The rally, which will be held at the Lorain County Fairgrounds near Cleveland on June 26, will be the first rally Trump has held since leaving office in January. At the event, Trump will endorse former adviser Max Miller, who is running for Congress, Trump’s Save America PAC stated on June 17.
“President Trump’s first of many appearances in support of candidates and causes that further the MAGA agenda and accomplishments of President Trump’s administration,” the PAC stated.
Trump last spoke to his supporters at a rally on Jan. 6 in Washington. Around the same time, rioters breached the U.S. Capitol building, leading to months of Democratic-led accusations that the former president “incited an insurrection.”
Trump wrote that Miller “is a Marine Veteran, a son of Ohio, and a true PATRIOT” and “Gonzalez should not be representing the people of the 16th district because he does not represent their interest or their heart. Max Miller has my Complete and Total Endorsement!”
Gonzalez, who claimed Trump helped “organize and incite a mob” on Jan. 6, was censured by the Ohio Republican Party in May. Some Republicans in Ohio, including Sen. Rob Portman (R-Ohio), decried the state GOP’s vote.
Other than Ohio, Trump said last month during an interview with OANN that he plans to hold rallies in Florida, Georgia, and North Carolina in the near future.
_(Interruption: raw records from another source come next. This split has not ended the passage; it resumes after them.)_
(* Let $\mathscr N$ be a weakly reversible chemical reaction network such that every decomposition $\mathscr N=\mathscr N_1\cup\cdots\cup\mathscr N_k$ satisfies $\delta=\delta_1+\cdots+\delta_k$. Then every independent decomposition of $\mathscr N$ is weakly reversible.
   Context: A chemical reaction network (CRN) $\mathscr N=(\mathscr S,\mathscr C,\mathscr R)$ consists of: - a finite set $\mathscr S$ of species; - a finite set $\mathscr C\subseteq\mathbb R^{\mathscr S}_{\ge0}$ of complexes; - a set $\mathscr R\subseteq\mathscr C\times\mathscr C$ of reactions (a directed graph on $\mathscr C$), with no reaction $y\to y$ and every complex occurring in some reaction. Linkage classes are the connected components of the underlying undirected graph. The network is weakly reversible if every linkage class is strongly connected. The deficiency is $\delta=n-l-s$, where: - $n$ is the number of complexes; - $l$ is the number of linkage classes; - $s=\dim S$, with $S=\operatorname{span}\{y'-y: y\to y'\in\mathscr R\}$ the stoichiometric subspace. A decomposition $\mathscr N=\mathscr N_1\cup\cdots\cup\mathscr N_k$ is the set of subnetworks induced by a partition $\{\mathscr R_1,\ldots,\mathscr R_k\}$ of $\mathscr R$. Each $\mathscr N_i$ has reactions $\mathscr R_i$ and the complexes occurring in them, with deficiency $\delta_i=n_i-l_i-s_i$. The decomposition is independent if $S=S_1\oplus\cdots\oplus S_k$. It is weakly reversible if every $\mathscr N_i$ is weakly reversible. *)

theory Defs
  imports "HOL-Analysis.Analysis"
begin

text \<open>Species are the elements of a finite type 's; a complex is a vector in
  real^'s (nonnegative entries); a reaction y \<rightarrow> y' is a pair (y, y').\<close>

type_synonym 's cplx = "real ^ 's"
type_synonym 's reaction = "'s cplx \<times> 's cplx"

definition crn :: "'s::finite reaction set \<Rightarrow> bool" where
  "crn R \<longleftrightarrow> finite R \<and>
     (\<forall>(y, y') \<in> R. y \<noteq> y' \<and> (\<forall>i. 0 \<le> y $ i \<and> 0 \<le> y' $ i))"

definition complexes :: "'s::finite reaction set \<Rightarrow> 's cplx set" where
  "complexes R = fst ` R \<union> snd ` R"

definition linked :: "'s::finite reaction set \<Rightarrow> 's reaction set" where
  "linked R = (R \<union> R\<inverse>)\<^sup>*"

definition linkage_classes :: "'s::finite reaction set \<Rightarrow> 's cplx set set" where
  "linkage_classes R = complexes R // linked R"

definition weakly_reversible :: "'s::finite reaction set \<Rightarrow> bool" where
  "weakly_reversible R \<longleftrightarrow>
     (\<forall>L \<in> linkage_classes R. \<forall>y \<in> L. \<forall>y' \<in> L. (y, y') \<in> R\<^sup>*)"

definition stoich_subspace :: "'s::finite reaction set \<Rightarrow> 's cplx set" where
  "stoich_subspace R = span {y' - y | y y'. (y, y') \<in> R}"

definition deficiency :: "'s::finite reaction set \<Rightarrow> int" where
  "deficiency R = int (card (complexes R)) - int (card (linkage_classes R))
                   - int (dim (stoich_subspace R))"

definition decomposition :: "'s::finite reaction set \<Rightarrow> nat \<Rightarrow> (nat \<Rightarrow> 's reaction set) \<Rightarrow> bool" where
  "decomposition R k Rs \<longleftrightarrow>
     (\<forall>i<k. Rs i \<noteq> {}) \<and>
     (\<forall>i<k. \<forall>j<k. i \<noteq> j \<longrightarrow> Rs i \<inter> Rs j = {}) \<and>
     (\<Union>i<k. Rs i) = R"

text \<open>Independent: S is the (internal) direct sum S_1 \<oplus> ... \<oplus> S_k.\<close>
definition independent_decomposition :: "'s::finite reaction set \<Rightarrow> nat \<Rightarrow> (nat \<Rightarrow> 's reaction set) \<Rightarrow> bool" where
  "independent_decomposition R k Rs \<longleftrightarrow>
     decomposition R k Rs \<and>
     stoich_subspace R = {(\<Sum>i<k. v i) | v. \<forall>i<k. v i \<in> stoich_subspace (Rs i)} \<and>
     (\<forall>v. (\<forall>i<k. v i \<in> stoich_subspace (Rs i)) \<and> (\<Sum>i<k. v i) = 0 \<longrightarrow> (\<forall>i<k. v i = 0))"

definition weakly_reversible_decomposition :: "'s::finite reaction set \<Rightarrow> nat \<Rightarrow> (nat \<Rightarrow> 's reaction set) \<Rightarrow> bool" where
  "weakly_reversible_decomposition R k Rs \<longleftrightarrow>
     decomposition R k Rs \<and> (\<forall>i<k. weakly_reversible (Rs i))"

end

theory Submission
  imports Defs "HOL-Library.Transitive_Closure_Table"
begin

text \<open>Splitting off all reactions outside a nonempty subnetwork T as singletons, each of
  deficiency 0, shows that the additivity hypothesis forces every nonempty subnetwork to
  have the deficiency of the whole network, hence deficiency 0. Now let y \<rightarrow> y' lie in
  block i of an independent decomposition. Weak reversibility gives a simple path from
  y' back to y; this path network has n + 1 complexes, one linkage class and deficiency 0,
  so its n reaction vectors are linearly independent. Distributing the closed walk
  y \<rightarrow> y' \<leadsto> y over the blocks gives a vanishing sum of vectors from the S_j, so the
  block-i part vanishes; hence the path vectors outside block i sum to zero, which by
  independence means there are none, and the whole path lies in block i.\<close>

lemma linked_sym: "(x, y) \<in> linked T \<Longrightarrow> (y, x) \<in> linked T"
proof -
  assume "(x, y) \<in> linked T"
  then have "(y, x) \<in> ((T \<union> T\<inverse>)\<inverse>)\<^sup>*"
    unfolding linked_def by (simp add: rtrancl_converseI)
  then show ?thesis
    unfolding linked_def by (simp add: converse_Un sup_commute)
qed

lemma linked_complexes: "(z, w) \<in> linked T \<Longrightarrow> z \<in> complexes T \<Longrightarrow> w \<in> complexes T"
  unfolding linked_def by (induction rule: rtrancl_induct) (force simp: complexes_def)+

lemma linkage_classes_eq_singleton:
  assumes "complexes T \<noteq> {}"
    and "\<And>z w. z \<in> complexes T \<Longrightarrow> w \<in> complexes T \<Longrightarrow> (z, w) \<in> linked T"
  shows "linkage_classes T = {complexes T}"
proof -
  have "linked T `` {z} = complexes T" if "z \<in> complexes T" for z
    using linked_complexes assms(2) that by blast
  then show ?thesis
    using assms(1) unfolding linkage_classes_def quotient_def by auto
qed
During the 2016 election, Trump won all four of those states and took three of four during the 2020 contest.
Throughout his 2016 and 2020 presidential campaigns, Trump held numerous rallies across the United States, sometimes attracting tens of thousands of people. The former president would often point to the size of his rallies as evidence of his popularity, namely when fielding questions from reporters.
Trump’s former adviser and spokesman Jason Miller told Axios recently that the rallies would “start as soon as late spring or early summer.”